Capture Is Vital for Digital Transformation
According to Keypoint Intelligence’s Future of Work 2022 Survey, nearly 80% of workers scan as part of their job role—and most of those workers said that scan activity is increasing. The increase in scan activity is driven by several factors, including the need to share paper-based information with others, store it in archives, or integrate it into digital workflows.
While it’s true that all scanning devices serve the same purpose—converting hard copy documents into digital images—some devices are better suited for some tasks or environments than others are. To put it simply, you can peel a potato with a fancy chef's knife or a potato peeler from the dollar store, but one way will be faster and easier, less expensive, and require less maintenance than the other.
Before the partnership, Sharp’s capture hardware was limited to A3 copiers, which made it difficult to help homebound workers or businesses that require advanced capture and workflow automation capabilities. Sticking to our potato peeling analogy, Sharp didn’t even sell potato peelers—the only cutting utensil they had to offer were chef’s knives. The partnership with Kodak Alaris fills that gap, providing Sharp with a full range of devices that can fit into many more environments and serve many more customer applications.
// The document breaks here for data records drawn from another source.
definition invariant_along :: "'a::real_vector \<Rightarrow> ('a \<Rightarrow> real) \<Rightarrow> bool" where
  "invariant_along b f \<longleftrightarrow> (\<forall>x t. f (x + t *\<^sub>R b) = f x)"

lemma invariant_along_zero: "invariant_along b (\<lambda>x. 0)"
  by (simp add: invariant_along_def)

lemma invariant_along_monomial:
  assumes "b \<in> Basis" "\<alpha> b = 0"
  shows "invariant_along b (monomial \<alpha>)"
  unfolding invariant_along_def monomial_def
proof (intro allI prod.cong refl)
  fix x t and c :: 'a assume "c \<in> Basis"
  with assms show "((x + t *\<^sub>R b) \<bullet> c) ^ \<alpha> c = (x \<bullet> c) ^ \<alpha> c"
    by (cases "c = b") (simp_all add: inner_add_left inner_Basis)
qed

text \<open>Division with remainder by the squared norm with respect to the coordinate along b:
  the remainder (x \<bullet> b) A x + B x is at most linear in that coordinate.\<close>

definition norm_decomposition ::
    "'a::euclidean_space \<Rightarrow> nat \<Rightarrow> ('a \<Rightarrow> real) \<Rightarrow> ('a \<Rightarrow> real) \<Rightarrow> ('a \<Rightarrow> real) \<Rightarrow> ('a \<Rightarrow> real) \<Rightarrow> bool"
  where
  "norm_decomposition b d f Q A B \<longleftrightarrow>
     homogeneous_poly (d - 2) Q \<and> homogeneous_poly (d - 1) A \<and> homogeneous_poly d B \<and>
     invariant_along b A \<and> invariant_along b B \<and> (\<forall>x. f x = (x \<bullet> x) * Q x + (x \<bullet> b) * A x + B x)"

lemma norm_decomposition_zero: "norm_decomposition b d (\<lambda>x. 0) (\<lambda>x. 0) (\<lambda>x. 0) (\<lambda>x. 0)"
  by (simp add: norm_decomposition_def invariant_along_zero homogeneous_poly_zero)

lemma norm_decomposition_add:
  assumes "norm_decomposition b d f Q A B" "norm_decomposition b d f' Q' A' B'"
  shows "norm_decomposition b d (\<lambda>x. f x + f' x) (\<lambda>x. Q x + Q' x) (\<lambda>x. A x + A' x) (\<lambda>x. B x + B' x)"
  using assms unfolding norm_decomposition_def invariant_along_def
  by (simp add: homogeneous_poly_add algebra_simps)

lemma norm_decomposition_cmult:
  assumes "norm_decomposition b d f Q A B"
  shows "norm_decomposition b d (\<lambda>x. c * f x) (\<lambda>x. c * Q x) (\<lambda>x. c * A x) (\<lambda>x. c * B x)"
  using assms unfolding norm_decomposition_def invariant_along_def
  by (simp add: homogeneous_poly_cmult algebra_simps)

lemma norm_decomposition_sum:
  assumes "finite I" "\<And>i. i \<in> I \<Longrightarrow> \<exists>Q A B. norm_decomposition b d (f i) Q A B"
  shows "\<exists>Q A B. norm_decomposition b d (\<lambda>x. \<Sum>i\<in>I. f i x) Q A B"
  using assms
proof (induction I rule: finite_induct)
  case empty
  show ?case using norm_decomposition_zero by (simp, blast)
next
  case (insert i I)
  obtain Q A B where "norm_decomposition b d (f i) Q A B"
    using insert.prems by blast
  moreover obtain Q' A' B' where "norm_decomposition b d (\<lambda>x. \<Sum>i\<in>I. f i x) Q' A' B'"
    using insert.IH insert.prems by blast
  ultimately have "norm_decomposition b d (\<lambda>x. \<Sum>i\<in>insert i I. f i x)
      (\<lambda>x. Q x + Q' x) (\<lambda>x. A x + A' x) (\<lambda>x. B x + B' x)"
    using insert.hyps by (simp add: norm_decomposition_add)
  then show ?case by blast
qed

lemma monomial_reduce:
  assumes b: "b \<in> Basis" and "\<alpha> b \<ge> 2"
  shows "monomial \<alpha> x = (x \<bullet> x) * monomial (\<alpha>(b := \<alpha> b - 2)) x
    - (\<Sum>c\<in>Basis - {b}. monomial (\<alpha>(b := \<alpha> b - 2, c := \<alpha> c + 2)) x)"
proof -
  define \<beta> where "\<beta> = \<alpha>(b := \<alpha> b - 2)"
  have add2: "monomial (\<beta>(c := \<beta> c + 2)) x = (x \<bullet> c) ^ 2 * monomial \<beta> x" if c: "c \<in> Basis" for c
    unfolding monomial_fun_upd[OF c] monomial_split[OF c, of \<beta>] by (simp add: power_add power2_eq_square)
  have "\<alpha> = \<beta>(b := \<beta> b + 2)"
    using assms(2) by (auto simp: \<beta>_def fun_eq_iff)
  then have "monomial \<alpha> x = (x \<bullet> b) ^ 2 * monomial \<beta> x"
    using add2[OF b] by simp
  moreover have "(\<Sum>c\<in>Basis - {b}. monomial (\<alpha>(b := \<alpha> b - 2, c := \<alpha> c + 2)) x)
      = (\<Sum>c\<in>Basis - {b}. (x \<bullet> c) ^ 2) * monomial \<beta> x"
    unfolding sum_distrib_right
  proof (intro sum.cong refl)
    fix c assume c: "c \<in> Basis - {b}"
    then have "\<alpha>(b := \<alpha> b - 2, c := \<alpha> c + 2) = \<beta>(c := \<beta> c + 2)"
      by (simp add: \<beta>_def)
    then show "monomial (\<alpha>(b := \<alpha> b - 2, c := \<alpha> c + 2)) x = (x \<bullet> c) ^ 2 * monomial \<beta> x"
      using add2 c by simp
  qed
  moreover have "x \<bullet> x = (x \<bullet> b) ^ 2 + (\<Sum>c\<in>Basis - {b}. (x \<bullet> c) ^ 2)"
    using b by (subst euclidean_inner) (simp add: power2_eq_square sum.remove)
  ultimately show ?thesis
    by (simp only: \<beta>_def[symmetric]) (simp add: algebra_simps)
qed

lemma monomial_norm_decomposition_linear:
  assumes b: "b \<in> Basis" and \<alpha>: "\<alpha> \<in> monomials d" and "\<alpha> b \<le> 1"
  shows "\<exists>Q A B. norm_decomposition b d (monomial \<alpha>) Q A B"
proof (cases "\<alpha> b = 0")
  case True
  then have "norm_decomposition b d (monomial \<alpha>) (\<lambda>x. 0) (\<lambda>x. 0) (monomial \<alpha>)"
    using b \<alpha> unfolding norm_decomposition_def
    by (simp add: homogeneous_poly_zero homogeneous_poly_monomial invariant_along_monomial
        invariant_along_zero)
  then show ?thesis by blast
next
  case False
  with assms(3) have 1: "\<alpha> b = 1" by simp
  define \<beta> where "\<beta> = \<alpha>(b := 0)"
  have "\<beta> \<in> monomials (d - 1)"
    unfolding \<beta>_def using 1 monomials_degree[OF \<alpha>] member_le_sum[OF b, of \<alpha>]
    by (intro monomials_fun_upd[OF \<alpha> b]) auto
  moreover have "monomial \<alpha> x = (x \<bullet> b) * monomial \<beta> x" for x
    using b 1 by (simp add: \<beta>_def monomial_fun_upd monomial_split[of b])
  ultimately have "norm_decomposition b d (monomial \<alpha>) (\<lambda>x. 0) (monomial \<beta>) (\<lambda>x. 0)"
    using b unfolding norm_decomposition_def
    by (simp add: homogeneous_poly_zero homogeneous_poly_monomial invariant_along_monomial
        invariant_along_zero \<beta>_def)
  then show ?thesis by blast
qed

lemma monomial_norm_decomposition:
  assumes b: "b \<in> Basis"
  shows "\<alpha> \<in> monomials d \<Longrightarrow> \<exists>Q A B. norm_decomposition b d (monomial \<alpha>) Q A B"
proof (induction "\<alpha> b" arbitrary: \<alpha> rule: less_induct)
  case less
  note \<alpha> = less.prems
  show ?case
  proof (cases "\<alpha> b \<le> 1")
    case True
    then show ?thesis by (rule monomial_norm_decomposition_linear[OF b \<alpha>])
  next
    case False
    then have ge2: "\<alpha> b \<ge> 2" by simp
    define \<beta> where "\<beta> = \<alpha>(b := \<alpha> b - 2)"
    have "\<alpha> b \<le> d"
      using member_le_sum[OF b, of \<alpha>] monomials_degree[OF \<alpha>] by simp
    then have \<beta>: "\<beta> \<in> monomials (d - 2)"
      unfolding \<beta>_def using ge2 by (intro monomials_fun_upd[OF \<alpha> b]) auto
    have IH: "\<exists>Q A B. norm_decomposition b d (monomial (\<beta>(c := \<alpha> c + 2))) Q A B"
      if c: "c \<in> Basis - {b}" for c
    proof (rule less.hyps)
      show "(\<beta>(c := \<alpha> c + 2)) b < \<alpha> b"
        using c ge2 by (auto simp: \<beta>_def)
      show "\<beta>(c := \<alpha> c + 2) \<in> monomials d"
        using c \<beta> \<open>\<alpha> b \<le> d\<close> ge2 by (intro monomials_fun_upd) (auto simp: \<beta>_def)
    qed
    then obtain Q A B
      where QAB: "norm_decomposition b d (\<lambda>x. \<Sum>c\<in>Basis - {b}. monomial (\<beta>(c := \<alpha> c + 2)) x) Q A B"
      using norm_decomposition_sum[of "Basis - {b}" b d "\<lambda>c. monomial (\<beta>(c := \<alpha> c + 2))", OF _ IH]
      by auto
    have "norm_decomposition b d (\<lambda>x. (x \<bullet> x) * monomial \<beta> x + 0 + 0) (monomial \<beta>) (\<lambda>x. 0) (\<lambda>x. 0)"
      using \<beta> by (simp add: norm_decomposition_def homogeneous_poly_monomial homogeneous_poly_zero
          invariant_along_zero)
    from norm_decomposition_add[OF this norm_decomposition_cmult[OF QAB, of "- 1"]]
    have "norm_decomposition b d (monomial \<alpha>)
        (\<lambda>x. monomial \<beta> x + - 1 * Q x) (\<lambda>x. 0 + - 1 * A x) (\<lambda>x. 0 + - 1 * B x)"
      unfolding monomial_reduce[of b \<alpha>, OF b ge2, folded \<beta>_def] by simp
    then show ?thesis by blast
  qed
qed

lemma homogeneous_poly_norm_decomposition:
  assumes "b \<in> Basis" "homogeneous_poly d f"
  shows "\<exists>Q A B. norm_decomposition b d f Q A B"
proof -
  obtain c where f: "f = hpoly d c"
    using assms(2) unfolding homogeneous_poly_iff_hpoly by blast
  have "\<exists>Q A B. norm_decomposition b d (\<lambda>x. c \<alpha> * monomial \<alpha> x) Q A B"
    if "\<alpha> \<in> monomials d" for \<alpha>
    using monomial_norm_decomposition[OF assms(1) that] norm_decomposition_cmult by blast
  then show ?thesis
    unfolding f hpoly_def[abs_def] by (intro norm_decomposition_sum finite_monomials)
qed

text \<open>Along the line through y in the unit direction b, orthogonal to y, the squared norm becomes
  the irreducible quadratic q + t^2 with q = y \<bullet> y > 0, so its k-th power cannot divide the
  product of a polynomial of degree < 2k with one that is not divisible by it.\<close>

lemma line_factor_vanishes:
  fixes g h Q A B :: "'a::real_inner \<Rightarrow> real"
  assumes g: "polynomial_on_lines (2 * k - 2) g" and h: "polynomial_on_lines d h"
    and Q: "polynomial_on_lines d Q" and k: "k \<ge> 1"
    and rel: "\<And>x. (x \<bullet> x) ^ k * h x = g x * ((x \<bullet> x) * Q x + (x \<bullet> b) * A x + B x)"
    and inv: "invariant_along b A" "invariant_along b B"
    and b: "norm b = 1" and y: "y \<bullet> b = 0" "y \<noteq> 0"
    and AB: "A y \<noteq> 0 \<or> B y \<noteq> 0"
  shows "g (y + t *\<^sub>R b) = 0"
proof -
  obtain PG where PG: "degree PG \<le> 2 * k - 2" "\<And>t. g (y + t *\<^sub>R b) = poly PG t"
    using g unfolding polynomial_on_lines_def by blast
  obtain PH where PH: "\<And>t. h (y + t *\<^sub>R b) = poly PH t"
    using h unfolding polynomial_on_lines_def by blast
  obtain PQ where PQ: "\<And>t. Q (y + t *\<^sub>R b) = poly PQ t"
    using Q unfolding polynomial_on_lines_def by blast
  define q where "q = y \<bullet> y"
  have "b \<bullet> b = 1"
    using b by (simp flip: power2_norm_eq_inner)
  then have line: "(y + t *\<^sub>R b) \<bullet> (y + t *\<^sub>R b) = poly [:q, 0, 1:] t" "(y + t *\<^sub>R b) \<bullet> b = t" for t
    using y(1) by (simp_all add: q_def inner_add_left inner_add_right inner_commute algebra_simps)
  have "[:q, 0, 1:] ^ k * PH = PG * ([:q, 0, 1:] * PQ + [:B y, A y:])"
  proof (rule poly_eq_poly_eq_iff[THEN iffD1, OF ext])
    fix t
    have "poly ([:q, 0, 1:] ^ k * PH) t = (poly [:q, 0, 1:] t) ^ k * h (y + t *\<^sub>R b)"
      by (simp add: PH poly_power)
    also have "\<dots> = g (y + t *\<^sub>R b) * (poly [:q, 0, 1:] t * Q (y + t *\<^sub>R b)
        + t * A (y + t *\<^sub>R b) + B (y + t *\<^sub>R b))"
      using rel[of "y + t *\<^sub>R b"] unfolding line .
    also have "\<dots> = poly (PG * ([:q, 0, 1:] * PQ + [:B y, A y:])) t"
      using inv unfolding invariant_along_def by (simp add: PG PQ algebra_simps)
    finally show "poly ([:q, 0, 1:] ^ k * PH) t = poly (PG * ([:q, 0, 1:] * PQ + [:B y, A y:])) t" .
  qed
  then have "[:q, 0, 1:] ^ k dvd PG * ([:q, 0, 1:] * PQ + [:B y, A y:])"
    by (metis dvdI)
  moreover have "q > 0" "[:B y, A y:] \<noteq> 0" "degree PG < 2 * k"
    using y AB PG(1) k by (auto simp: q_def)
  ultimately have "PG = 0"
    using quadratic_power_dvd_imp_eq_0 by blast
  then show ?thesis by (simp add: PG)
qed
lemma exists_good_center:
  fixes x :: "nat \<Rightarrow> nat \<Rightarrow> nat \<Rightarrow> real" and r :: "nat \<Rightarrow> nat \<Rightarrow> real" and S :: "nat \<Rightarrow> real"
  assumes m: "0 < m" "m < real k" and s: "0 < s"
    and cover: "\<And>j. \<forall>i. x j i \<in> Rk k \<and> 0 \<le> r j i" "\<And>j. X \<subseteq> (\<Union>i. linf_cball k (x j i) (r j i))"
    and S: "\<And>j. (\<Sum>i. ennreal (r j i powr m)) = ennreal (S j)" "\<And>j. 0 \<le> S j"
    and boxes: "emeasure (lborel_PiM k) (\<Union>j. \<Union>i. double_box k (x j i) (r j i)) \<le> ennreal (s ^ k / 2)"
  shows "\<exists>p \<in> cube k c (s / 2) - X. \<forall>j. HC k m (radproj k c s p ` X) \<le> ennreal (scale_const m k * 2 ^ j * S j)"
proof -
  have k: "0 < k" using m by simp
  define T where "T j = sing_weight_const (m / real k) ^ k * S j / ((1 / 2) ^ (j + 3) * s powr m)" for j
  have T: "0 \<le> T j" for j
    using S(2)[of j] sing_weight_const_pos[of "m / real k"] m s by (simp add: T_def)
  obtain q where q: "q \<in> middle_box k c s" "q \<notin> (\<Union>j. \<Union>i. double_box k (x j i) (r j i))"
    and small: "\<And>j. cover_weight k m (x j) (r j) q \<le> ennreal (T j)"
    using exists_middle_point_small_cover_weights[where x = x and r = r and S = S and c = c, OF m s S boxes]
    unfolding T_def by blast
  define p where "p = (\<lambda>i. if i < k then q i else 0)"
  have p: "p \<in> cube k c (s / 2)"
    unfolding p_def by (rule restrict_middle_box_in_cube[OF q(1)])
  have far: "\<forall>i. \<exists>l<k. 2 * r j i < \<bar>p l - x j i l\<bar>" for j
  proof
    fix i
    obtain l where "l < k" "2 * r j i < \<bar>q l - x j i l\<bar>"
      using far_coordinate_if_not_in_double_box[OF q(1)] q(2) by blast
    then show "\<exists>l<k. 2 * r j i < \<bar>p l - x j i l\<bar>" by (auto simp: p_def)
  qed
  have "p \<notin> X"
  proof
    assume "p \<in> X"
    then obtain i where "p \<in> linf_cball k (x 0 i) (r 0 i)" using cover(2) by blast
    moreover obtain l where "l < k" "2 * r 0 i < \<bar>p l - x 0 i l\<bar>" using far by blast
    ultimately show False using cover(1)[of 0] by (force simp: linf_cball_def)
  qed
  moreover have "HC k m (radproj k c s p ` X) \<le> ennreal (scale_const m k * 2 ^ j * S j)" for j
  proof -
    have "HC k m (radproj k c s p ` X) \<le> ennreal ((24 * s) powr m) * cover_weight k m (x j) (r j) p"
      by (rule HC_radproj_le_cover_weight[OF k s m(1) p cover(1)[of j] cover(2)[of j] far[of j]])
    also have "cover_weight k m (x j) (r j) p = cover_weight k m (x j) (r j) q"
      by (simp add: cover_weight_def p_def)
    also have "\<dots> \<le> ennreal (T j)" by (rule small)
    also have "ennreal ((24 * s) powr m) * ennreal (T j) = ennreal (scale_const m k * 2 ^ j * S j)"
      using s T by (simp add: ennreal_mult[symmetric] T_def scale_const_def powr_mult power_add field_simps)
    finally show ?thesis by (simp add: mult_left_mono)
  qed
  ultimately show ?thesis using p by blast
qed

lemma four_pow_mult_div_64_pow_le:
  assumes "0 < k" "0 \<le> s"
  shows "4 ^ k * (s / 64) ^ k \<le> (s :: real) ^ k / 16"
proof -
  have "4 ^ k * (s / 64) ^ k = s ^ k / 16 ^ k"
    unfolding power_mult_distrib[symmetric] power_divide[symmetric] by simp
  moreover have "(16 :: real) \<le> 16 ^ k"
    using power_increasing[of 1 k "16 :: real"] assms(1) by simp
  then have "s ^ k / 16 ^ k \<le> s ^ k / 16"
    using assms(2) by (intro divide_left_mono) auto
  ultimately show ?thesis by simp
qed
lemma emeasure_Union_double_box_le_small:
  assumes m: "0 < m" "m < real k" and s: "0 < s" and r: "\<forall>i. 0 \<le> r i"
    and S: "(\<Sum>i. ennreal (r i powr m)) = ennreal S" "0 \<le> S" "S \<le> (s / 64) powr m * t"
    and t: "0 \<le> t" "t \<le> 1"
  shows "emeasure (lborel_PiM k) (\<Union>i. double_box k (x i) (r i)) \<le> ennreal (s ^ k / 16 * t)"
proof -
  have k: "0 < k" using m by simp
  have "S powr (real k / m) \<le> ((s / 64) powr m * t) powr (real k / m)"
    using S(2,3) m by (intro powr_mono2) auto
  also have "\<dots> = (s / 64) ^ k * t powr (real k / m)"
    using s m t by (simp add: powr_mult powr_powr powr_realpow)
  also have "t powr (real k / m) \<le> t"
    using m t by (cases "t = 0") (auto intro!: powr_le_one_le)
  finally have "S powr (real k / m) \<le> (s / 64) ^ k * t"
    using s by (simp add: mult_left_mono)
  then have "4 ^ k * S powr (real k / m) \<le> 4 ^ k * (s / 64) ^ k * t"
    by (simp add: mult.assoc)
  also have "\<dots> \<le> s ^ k / 16 * t"
    using four_pow_mult_div_64_pow_le[OF k, of s] s t by (intro mult_right_mono) auto
  finally show ?thesis
    using emeasure_Union_double_box_le[OF m r S(1,2), of x] by (blast intro: order_trans ennreal_leI)
qed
Keypoint Intelligence Opinion
Sharp and Kodak Alaris need each other. Sharp and its channel partners have a major presence in the office technology marketplace, but they have a weak capture portfolio. Kodak Alaris has a very strong capture portfolio (it has won our Scanner Line of The Year Award six times in seven years), but it has a weak market presence. Kodak Alaris owns 3% of the US scanner market share, according to our North American Scanner Tracker. With Kodak Alaris’ technology, Sharp and its dealers can be more competitive with other office technology providers. With Sharp’s dealers pushing Kodak Alaris’ hardware and software, Kodak Alaris can expect to win more market share.
Mutual benefits aside, one must wonder how (if at all) the relationship with Sharp can help Kodak Alaris weather—and perhaps benefit from—the remainder of the ongoing supply chain crisis. In our 2022 Channel Survey, 47% of respondents reported that their scanner inventory levels were backlogged. Remember, Foxconn-owned Sharp did not feel the heat of the supply chain shortage like its competitors did. In fact, Sharp was able to capitalize on it. Now that Kodak Alaris has access to Sharp’s Vendor Inventory Management (VIM) system and Partner Portal, will Kodak Alaris be able to swoop in and pick up deals that others are unable to fulfill?